2. The semantic SLAM method based on instance segmentation as claimed in claim 1 wherein the extraction of the feature point information and the semantic information in step S2 is performed simultaneously.

3. The semantic SLAM method based on instance segmentation of claim 2 wherein the extraction of semantic information is done by a network instance segmentation module.

4. The semantic SLAM method based on instance partitioning of claim 3 wherein the network instances are partitioned into object level partitions.

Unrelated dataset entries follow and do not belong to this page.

(* Let $\mathcal{V}_R:\mathcal{B}(\mathcal{H}_R)\to\mathcal{B}(\mathcal{H}_{R'})$ and $\mathcal{W}_A:\mathcal{B}(\mathcal{H}_A)\to\mathcal{B}(\mathcal{H}_{A'})$ be local isometric channels, $\mathcal{V}_R(X)=V X V^\dagger$, $\mathcal{W}_A(Y)=WYW^\dagger$ with $V,W$ isometries, that jointly commute with the $G$-twirl, i.e. $(\mathcal{V}_R\otimes\mathcal{W}_A)\circ\mathcal{G}_{RA}=\mathcal{G}_{R'A'}\circ(\mathcal{V}_R\otimes\mathcal{W}_A)$. Then $H_{\mathcal{V}(\eta)}(\mathcal{W}(\rho))=H_\eta(\rho)$ for every pair of quantum states $\eta$ on $\mathcal{H}_R$ and $\rho$ on $\mathcal{H}_A$.
   Context: $G$ is a compact group with normalized Haar measure $dg$. Each finite-dimensional quantum system $X$ (here $R,A,R',A'$) carries a continuous unitary representation $U_X(g)$ on $\mathcal{H}_X$; bipartite systems carry the tensor product representation. The $G$-twirl on a system $X$ is $\mathcal{G}(M)=\int dg\, U_X(g) M U_X(g)^\dagger$; in particular $\mathcal{G}_{RA}(M)=\int dg\,(U_R(g)\otimes U_A(g))M(U_R(g)\otimes U_A(g))^\dagger$. For a positive operator $\Omega_{RA}$, the conditional min-entropy is $H_{\min}(R|A)_\Omega=-\log_2\inf_{X_A\ge 0}\{\mathrm{tr}[X_A]:\mathbb{1}_R\otimes X_A\ge\Omega_{RA}\}$. For a state $\eta$ on $R$ and a state $\tau$ on $A$, $H_\eta(\tau):=H_{\min}(R|A)_{\mathcal{G}(\eta\otimes\tau)}$ (and analogously for $R',A'$). *)

theory Defs
  imports "HOL-Probability.Probability" "Jordan_Normal_Form.Schur_Decomposition"
begin

(* Matrices are JNF complex matrices; a d-dimensional Hilbert space is C^d. *)

definition mtrace :: "complex mat \<Rightarrow> complex" where
  "mtrace A = (\<Sum>i<dim_row A. A $$ (i, i))"

(* Kronecker (tensor) product; the first factor is the first tensor slot. *)
definition kron :: "complex mat \<Rightarrow> complex mat \<Rightarrow> complex mat" where
  "kron A B = mat (dim_row A * dim_row B) (dim_col A * dim_col B)
     (\<lambda>(i, j). A $$ (i div dim_row B, j div dim_col B) * B $$ (i mod dim_row B, j mod dim_col B))"

definition psd :: "nat \<Rightarrow> complex mat \<Rightarrow> bool" where
  "psd n A \<longleftrightarrow> A \<in> carrier_mat n n \<and> mat_adjoint A = A \<and>
     (\<forall>v \<in> carrier_vec n. 0 \<le> Re (mult_mat_vec A v \<bullet>c v))"

definition is_state :: "nat \<Rightarrow> complex mat \<Rightarrow> bool" where
  "is_state n \<rho> \<longleftrightarrow> psd n \<rho> \<and> mtrace \<rho> = 1"

definition isometry :: "nat \<Rightarrow> nat \<Rightarrow> complex mat \<Rightarrow> bool" where
  "isometry m n V \<longleftrightarrow> V \<in> carrier_mat m n \<and> mat_adjoint V * V = 1\<^sub>m n"

definition conj_by :: "complex mat \<Rightarrow> complex mat \<Rightarrow> complex mat" where
  "conj_by V X = V * X * mat_adjoint V"

(* compact (Hausdorff) topological group, written additively as an Isabelle group_add type,
   with normalized Haar measure mu: a Borel probability measure invariant under left translation *)
definition haar_prob :: "'g :: {topological_group_add, t2_space} measure \<Rightarrow> bool" where
  "haar_prob mu \<longleftrightarrow> compact (UNIV :: 'g set) \<and> sets mu = sets borel \<and> prob_space mu \<and>
     (\<forall>g. \<forall>A \<in> sets borel. measure mu ((\<lambda>h. g + h) ` A) = measure mu A)"

definition unitary_rep :: "nat \<Rightarrow> ('g :: {topological_group_add, t2_space} \<Rightarrow> complex mat) \<Rightarrow> bool" where
  "unitary_rep d U \<longleftrightarrow>
     (\<forall>g. U g \<in> carrier_mat d d \<and> mat_adjoint (U g) * U g = 1\<^sub>m d) \<and>
     (\<forall>g h. U (g + h) = U g * U h) \<and> U 0 = 1\<^sub>m d \<and>
     (\<forall>i<d. \<forall>j<d. continuous_on UNIV (\<lambda>g. U g $$ (i, j)))"

definition twirl :: "'g measure \<Rightarrow> ('g \<Rightarrow> complex mat) \<Rightarrow> nat \<Rightarrow> complex mat \<Rightarrow> complex mat" where
  "twirl mu U d M = mat d d (\<lambda>(i, j). \<integral>g. (U g * M * mat_adjoint (U g)) $$ (i, j) \<partial>mu)"

(* conditional min-entropy H_min(R|A)_\<Omega>, R of dimension dR, A of dimension dA *)
definition Hmin :: "nat \<Rightarrow> nat \<Rightarrow> complex mat \<Rightarrow> real" where
  "Hmin dR dA \<Omega> = - log 2 (Inf {Re (mtrace X) | X. psd dA X \<and> psd (dR * dA) (kron (1\<^sub>m dR) X - \<Omega>)})"

(* H_\<eta>(\<tau>) := H_min(R|A) of G_RA(\<eta> \<otimes> \<tau>) *)
definition Hq :: "'g measure \<Rightarrow> ('g \<Rightarrow> complex mat) \<Rightarrow> ('g \<Rightarrow> complex mat) \<Rightarrow> nat \<Rightarrow> nat
    \<Rightarrow> complex mat \<Rightarrow> complex mat \<Rightarrow> real" where
  "Hq mu UR UA dR dA \<eta> \<tau> = Hmin dR dA (twirl mu (\<lambda>g. kron (UR g) (UA g)) (dR * dA) (kron \<eta> \<tau>))"

end

(* The commutation hypothesis turns the left-hand side into the min-entropy of K \<Omega> K^\<dagger>,
   where K = V \<otimes> W and \<Omega> is the twirled product state, so it suffices that H_min(R|A) is
   invariant under local isometries; the Haar measure and the representations play no further role.
   If X is feasible for \<Omega>, then W X W^\<dagger> is feasible for K \<Omega> K^\<dagger> with the same trace, since
     1 \<otimes> W X W^\<dagger> - K \<Omega> K^\<dagger> = (P \<otimes> W)(1 \<otimes> X)(P \<otimes> W)^\<dagger> + K (1 \<otimes> X - \<Omega>) K^\<dagger>
   with P = 1 - V V^\<dagger>. Conversely, conjugating by K^\<dagger> (using K^\<dagger> K = 1) shows that if X' is
   feasible for K \<Omega> K^\<dagger>, then W^\<dagger> X' W is feasible for \<Omega>, and its trace tr (X' W W^\<dagger>) is at
   most tr X'. So both SDPs have the same optimal value. *)

theory Submission
  imports Defs
begin
(* Let $X$ be an irreducible positive recurrent Markov chain on a countable state space $S$ with transition matrix $P$ and stationary distribution $\pi$. Fix a finite nonempty $K\subseteq S$ and finite sets $A_n\supseteq K$ with $A_n\nearrow S$. For each $n$ let $T_n=\inf\{j\ge1:X_j\notin A_n\}$, $T_K=\inf\{j\ge1:X_j\in K\}$, and assume the matrix $G_n(x,y)=P_x(X_{T_K}=y,\,T_K<T_n)$, $x,y\in K$, is irreducible. Let $u_n(x)=P_x(T_K<T_n)$ for $x\in A_n$, $S_n'=\{x\in A_n:u_n(x)>0\}$, and define the stochastic matrix $R_n$ on $S_n'$ by $R_n(x,y)=P(x,y)/u_n(x)$ for $x\in S_n'$, $y\in K$, and $R_n(x,y)=P(x,y)u_n(y)/u_n(x)$ for $x\in S'_n$, $y\in S'_n\setminus K$. Let $S_n''\supseteq K$ be the unique closed communicating class of $R_n$, and let $\pi^*_{3n}$ be the unique stationary distribution of $R_n$ restricted to $S_n''$, extended to $S$ by $\pi^*_{3n}(x)=0$ for $x\notin S_n''$. Then for each $x\in S$, $\pi^*_{3n}(x)\to\pi(x)$ as $n\to\infty$.
   Context: $P_x$ denotes the law of the chain started at $x$. Under the irreducibility of $G_n$, $S_n'$ contains a single closed communicating class of $R_n$, which contains $K$, and $R_n$ restricted to it is irreducible; $R_n$ describes the dynamics of $X$ conditioned on $T_K<T_n$. *)

theory Defs
  imports "HOL-Analysis.Analysis"
begin

definition stochastic :: "('a \<Rightarrow> 'a \<Rightarrow> real) \<Rightarrow> bool" where
  "stochastic P \<longleftrightarrow> (\<forall>x y. P x y \<ge> 0) \<and> (\<forall>x. (P x has_sum 1) UNIV)"

definition irreducible_chain :: "('a \<Rightarrow> 'a \<Rightarrow> real) \<Rightarrow> bool" where
  "irreducible_chain P \<longleftrightarrow> (\<forall>x y. (x, y) \<in> {(a, b). P a b > 0}\<^sup>*)"

text \<open>Taboo probabilities: taboo P B j x y = P_x(X_j = y, X_i \<in> B for 1 <= i < j), j >= 1;
  taboo P B 0 x y = 0.\<close>
fun taboo :: "('a \<Rightarrow> 'a \<Rightarrow> real) \<Rightarrow> 'a set \<Rightarrow> nat \<Rightarrow> 'a \<Rightarrow> 'a \<Rightarrow> real" where
  "taboo P B 0 x y = 0"
| "taboo P B (Suc 0) x y = P x y"
| "taboo P B (Suc (Suc j)) x y = infsum (\<lambda>z. P x z * taboo P B (Suc j) z y) B"

definition first_return :: "('a \<Rightarrow> 'a \<Rightarrow> real) \<Rightarrow> nat \<Rightarrow> 'a \<Rightarrow> real" where
  "first_return P j x = taboo P (UNIV - {x}) j x x"

text \<open>Positive recurrence: every state is recurrent (P_x(T_x < inf) = 1) and E_x[T_x] < inf.\<close>
definition positive_recurrent :: "('a \<Rightarrow> 'a \<Rightarrow> real) \<Rightarrow> bool" where
  "positive_recurrent P \<longleftrightarrow>
     (\<forall>x. (\<lambda>j. first_return P j x) sums 1 \<and> summable (\<lambda>j. real j * first_return P j x))"

definition stationary_distribution :: "('a \<Rightarrow> 'a \<Rightarrow> real) \<Rightarrow> ('a \<Rightarrow> real) \<Rightarrow> bool" where
  "stationary_distribution P \<pi> \<longleftrightarrow> (\<forall>x. \<pi> x \<ge> 0) \<and> (\<pi> has_sum 1) UNIV \<and>
     (\<forall>y. ((\<lambda>x. \<pi> x * P x y) has_sum \<pi> y) UNIV)"

text \<open>G_n(x,y) = P_x(X_{T_K} = y, T_K < T_n) for y in K, where A is the finite set A_n.
  The event {X_{T_K} = y, T_K < T_n} is the disjoint union over j >= 1 of
  {X_j = y, X_i \<in> A - K for 1 <= i < j}.\<close>
definition Gmat :: "('a \<Rightarrow> 'a \<Rightarrow> real) \<Rightarrow> 'a set \<Rightarrow> 'a set \<Rightarrow> 'a \<Rightarrow> 'a \<Rightarrow> real" where
  "Gmat P K A x y = (if y \<in> K then (\<Sum>j. taboo P (A - K) j x y) else 0)"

5. The semantic SLAM approach to instance partitioning based on claim 4, wherein the network instance partitioning incorporates MASK-RCNN networks.

6. The semantic SLAM method based on instance segmentation of claim 5, wherein the MASK-RCNN network is trained in step S2.

7. The semantic SLAM method based on example segmentation as claimed in claim 6 wherein step S3 is fine grained feature point classification of feature points inside each object in the image.

8. The semantic SLAM method based on instance segmentation as claimed in claim 7 wherein the fine grained feature point classification is done by KD-TREE data structure.

9. The semantic SLAM method of instance based segmentation as claimed in claim 8 wherein said step S5 constrains inter-frame matching using object level matching.

10. The semantic SLAM method based on instance segmentation as claimed in claim 9 wherein said step S5 employs KM algorithm to find the best match.